5. Więc słudzy Chiskjasza przybyli do Jezajasza.
6. A Jezajasz do nich powiedział: Tak powiecie waszemu panu: Tak mówi WIEKUISTY: Nie obawiaj się słów, które słyszałeś; którymi Mnie lżyli pachołki asyryjskiego króla.
7. Oto podam mu taką myśl, by gdy usłyszy pewną wieść, powrócił do swego kraju, a wtedy zgubię go mieczem w jego własnym kraju.
8. Tymczasem wrócił Rabszaka i znalazł asyryjskiego króla walczącego przeciwko Libnie; bowiem słyszał, że wyruszył z Lachisz.
9. A gdy usłyszał jak mówiono o etiopskim królu Tyrhaku: Ten wyruszył, aby walczyć przeciwko tobie znowu wysłał posłów do Chiskjasza z tymi słowami:
10. Tak powiecie judzkiemu królowi Chiskjaszowi: Niech cię nie zwodzi twój bóg, któremu ty ufasz, mówiąc: Jeruszalaim nie będzie wydane w moc asyryjskiego króla!
11. Przecież słyszałeś, co królowie asyryjscy uczynili wszystkim ziemiom; jak je zniszczyli!
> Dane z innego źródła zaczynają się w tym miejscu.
text \<open>
  On the support of the multiplier, n1 > n > 0 and n2 + n3 < 0. If n2 and n3 have opposite
  signs, the phase factors as |Phi| = 2 |n2 + n3| |n - nj| with nj the positive one of them;
  otherwise |Phi| >= 2 n |n2 + n3|. Together with |Phi| <= M this gives
  |m1| <= 2 M / (|n2 + n3| q) with q the smallest of max 1 |n2|, max 1 |n1 + n2| and
  max 1 |n1 + n3|. Hence for fixed n1 the squared multiplier is summable over (n2, n3) with
  sum O(M^2): each of the three resulting terms is a product of inverse squares of two
  frequencies that determine (n2, n3).
  Moving the weight <n>^s onto the first factor (|n1| >= n) and applying Cauchy-Schwarz over
  the finitely many resonant triples bounds the trilinear operator at each fixed time by
  C M |u| |v| |x| in l^2_s. The difference estimate follows by trilinearity, and the C_T
  bounds by taking suprema over [0, T], which are finite by continuity.
\<close>

section \<open>Arithmetic of the resonance relation\<close>

definition abs1 :: "int \<Rightarrow> int" where
  "abs1 x = max 1 \<bar>x\<bar>"

lemma abs1_ge_1 [simp]: "abs1 x \<ge> 1"
  and abs1_pos [simp]: "abs1 x > 0" and abs1_nonneg [simp]: "abs1 x \<ge> 0"
  by (simp_all add: abs1_def)

lemma cmod_nhat: "cmod (nhat x) = real_of_int (abs1 x)"
  by (cases "x = 0") (auto simp: nhat_def abs1_def)

lemma Phi_swap: "Phi n n1 n2 n3 = Phi n n1 n3 n2"
  by (simp add: Phi_def)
A ty miałbyś być ocalony?
12. Czy bogowie ludów ocalili te, co zniszczyli moi ojcowie: Gozan, Haran, Recef oraz synów Edenu, którzy mieszkali w Telassar?
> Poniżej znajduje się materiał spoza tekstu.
lemma card_window_ge:
  assumes S: "finite S" and r: "r \<le> 1"
    and segment: "\<And>D i j. dominating S D \<Longrightarrow> i < j \<Longrightarrow> j - i \<le> 2 ^ (2 * Max S) \<Longrightarrow>
      pattern D (2 * Max S) i = pattern D (2 * Max S) j \<Longrightarrow> r * real_of_int (j - i) \<le> real (card (D \<inter> {i..<j}))"
    and D: "dominating S D"
  shows "r * real n - 2 ^ (2 * Max S) \<le> real (card (D \<inter> {a..<a + int n}))"
  using D
proof (induction n arbitrary: D a rule: less_induct)
  case (less n)
  let ?M = "2 ^ (2 * Max S) :: nat"
  show ?case
  proof (cases "n \<le> ?M")
    case True
    have "r * real n \<le> real n" using mult_right_mono[OF r, of "real n"] by simp
    also have "\<dots> \<le> real ?M" using True by (simp only: of_nat_le_iff)
    finally show ?thesis by simp
  next
    case False
    obtain i j where ij: "a \<le> i" "i < j" "j \<le> a + 2 ^ (2 * Max S)"
      and rep: "pattern D (2 * Max S) i = pattern D (2 * Max S) j"
      by (rule pattern_repeats)
    have "(2::int) ^ (2 * Max S) < int n" using False by (simp add: not_le flip: of_nat_less_iff)
    then have j: "j \<le> a + int n" "j - i < int n" using ij by linarith+
    define n' where "n' = n - nat (j - i)"
    have n': "n' < n" "int n' = int n - (j - i)" using ij j unfolding n'_def by auto
    have shifted_end: "a + int n - (j - i) = a + int n'" using n'(2) by simp
    have "r * real n' - ?M \<le> real (card (cut_out D i j \<inter> {a..<a + int n'}))"
      using less.IH[OF n'(1) dominating_cut_out[OF S less.prems rep]] by simp
    moreover have "r * real_of_int (j - i) \<le> real (card (D \<inter> {i..<j}))"
      using segment[OF less.prems ij(2) _ rep] ij by simp
    moreover have "card (D \<inter> {a..<a + int n}) = card (cut_out D i j \<inter> {a..<a + int n'}) + card (D \<inter> {i..<j})"
      using card_cut_out[OF ij(1,2) j(1), of D] by (simp only: shifted_end)
    moreover have "real n = real n' + real_of_int (j - i)"
      using arg_cong[OF n'(2), of real_of_int] by simp
    ultimately show ?thesis by (simp add: distrib_left)
  qed
qed

lemma periodic_dominating_min_density:
  assumes "1 \<le> m"
  obtains p0 B0 where "1 \<le> p0" "p0 \<le> m" "B0 \<subseteq> {0..<p0}" "dominating S (periodic_set p0 B0)"
    and "\<And>p B. 1 \<le> p \<Longrightarrow> p \<le> m \<Longrightarrow> B \<subseteq> {0..<p} \<Longrightarrow> dominating S (periodic_set p B) \<Longrightarrow>
      density (periodic_set p0 B0) \<le> density (periodic_set p B)"
proof -
  define Par where "Par = {(p, B). p \<in> {1..m} \<and> B \<subseteq> {0..<p} \<and> dominating S (periodic_set p B)}"
  have "finite Par"
    by (rule finite_subset[of _ "Sigma {1..m} (\<lambda>p. Pow {0..<p})"]) (auto simp: Par_def)
  moreover have "(1, {0}) \<in> Par"
    using assms by (auto simp: Par_def dominating_def periodic_set_def)
  ultimately obtain p0 B0 where "(p0, B0) \<in> Par"
    and "\<And>p B. (p, B) \<in> Par \<Longrightarrow> density (periodic_set p0 B0) \<le> density (periodic_set p B)"
    using ex_min_if_finite[of "(\<lambda>(p, B). density (periodic_set p B)) ` Par"] by (fastforce simp: not_less)
  then show thesis unfolding Par_def by (intro that[of p0 B0]) auto
qed

theorem theorem4:
  fixes S :: "nat set"
  assumes "finite S" and "S \<noteq> {}" and "0 \<notin> S"
  shows "\<exists>D p. dominating S D \<and> 0 < p \<and> p \<le> int (2 * Max S * 2 ^ (2 * Max S))
           \<and> periodic_with D p
           \<and> (\<forall>D'. dominating S D' \<longrightarrow> density D \<le> density D')"
proof -
  let ?M = "2 ^ (2 * Max S) :: int"
  have "1 \<le> ?M" by simp
  then obtain p0 B0 where p0: "1 \<le> p0" "p0 \<le> ?M" and B0: "B0 \<subseteq> {0..<p0}"
    and dom: "dominating S (periodic_set p0 B0)"
    and minimal: "\<And>p B. 1 \<le> p \<Longrightarrow> p \<le> ?M \<Longrightarrow> B \<subseteq> {0..<p} \<Longrightarrow> dominating S (periodic_set p B) \<Longrightarrow>
      density (periodic_set p0 B0) \<le> density (periodic_set p B)"
    by (rule periodic_dominating_min_density[where S = S]) (rule that)
  obtain r where r: "density (periodic_set p0 B0) = ereal r" "r \<le> 1"
    using density_nonneg[of "periodic_set p0 B0"] density_le_one[of "periodic_set p0 B0"]
    by (cases "density (periodic_set p0 B0)") auto
  have "ereal r \<le> density D" if "dominating S D" for D
  proof (rule density_ge_of_window_count[OF card_window_ge[OF assms(1) r(2) _ that]])
    fix D i j assume D: "dominating S D" and ij: "i < j" "j - i \<le> ?M"
      and rep: "pattern D (2 * Max S) i = pattern D (2 * Max S) j"
    have "dominating S (periodization D i j)" by (rule dominating_periodization[OF assms(1) D ij(1) rep])
    then have "ereal r \<le> density (periodization D i j)"
      unfolding r(1)[symmetric] periodization_def using ij by (intro minimal) auto
    also have "\<dots> \<le> ereal (card (D \<inter> {i..<j}) / real_of_int (j - i))"
      by (rule density_periodization_le[OF ij(1)])
    finally show "r * real_of_int (j - i) \<le> real (card (D \<inter> {i..<j}))" using ij by (simp add: field_simps)
  qed
  moreover have "p0 \<le> int (2 * Max S * 2 ^ (2 * Max S))"
  proof -
    have "1 \<le> Max S" using Max_in[OF assms(1,2)] assms(3) by (cases "Max S") auto
    then have "1 * 2 ^ (2 * Max S) \<le> 2 * Max S * 2 ^ (2 * Max S)" by (intro mult_le_mono1) simp
    then have "int (1 * 2 ^ (2 * Max S)) \<le> int (2 * Max S * 2 ^ (2 * Max S))" by (simp only: of_nat_le_iff)
    then show ?thesis using p0(2) by (simp only: mult_1 of_nat_mult of_nat_power of_nat_numeral)
  qed
  ultimately show ?thesis
    using p0 dom r(1) periodic_with_periodic_set[of p0 B0]
    by (intro exI[of _ "periodic_set p0 B0"] exI[of _ p0]) auto
qed

end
13. Gdzie jest król Chamathu, król Arpadu, król miasta Sefarwaim, Hena i Iwwa?
14. Zatem Chiskjasz wziął z ręki posłów list, przeczytał go, wszedł do Przybytku WIEKUISTEGO, i Chiskjasz rozwinął go przed WIEKUISTYM.
15. Nadto Chiskjasz modlił się do WIEKUISTEGO, mówiąc: WIEKUISTY, Boże Israela, który zasiadasz nad cherubami! Ty sam jeden jesteś Bogiem wszystkich królestw ziemi; Ty stworzyłeś niebiosa i ziemię.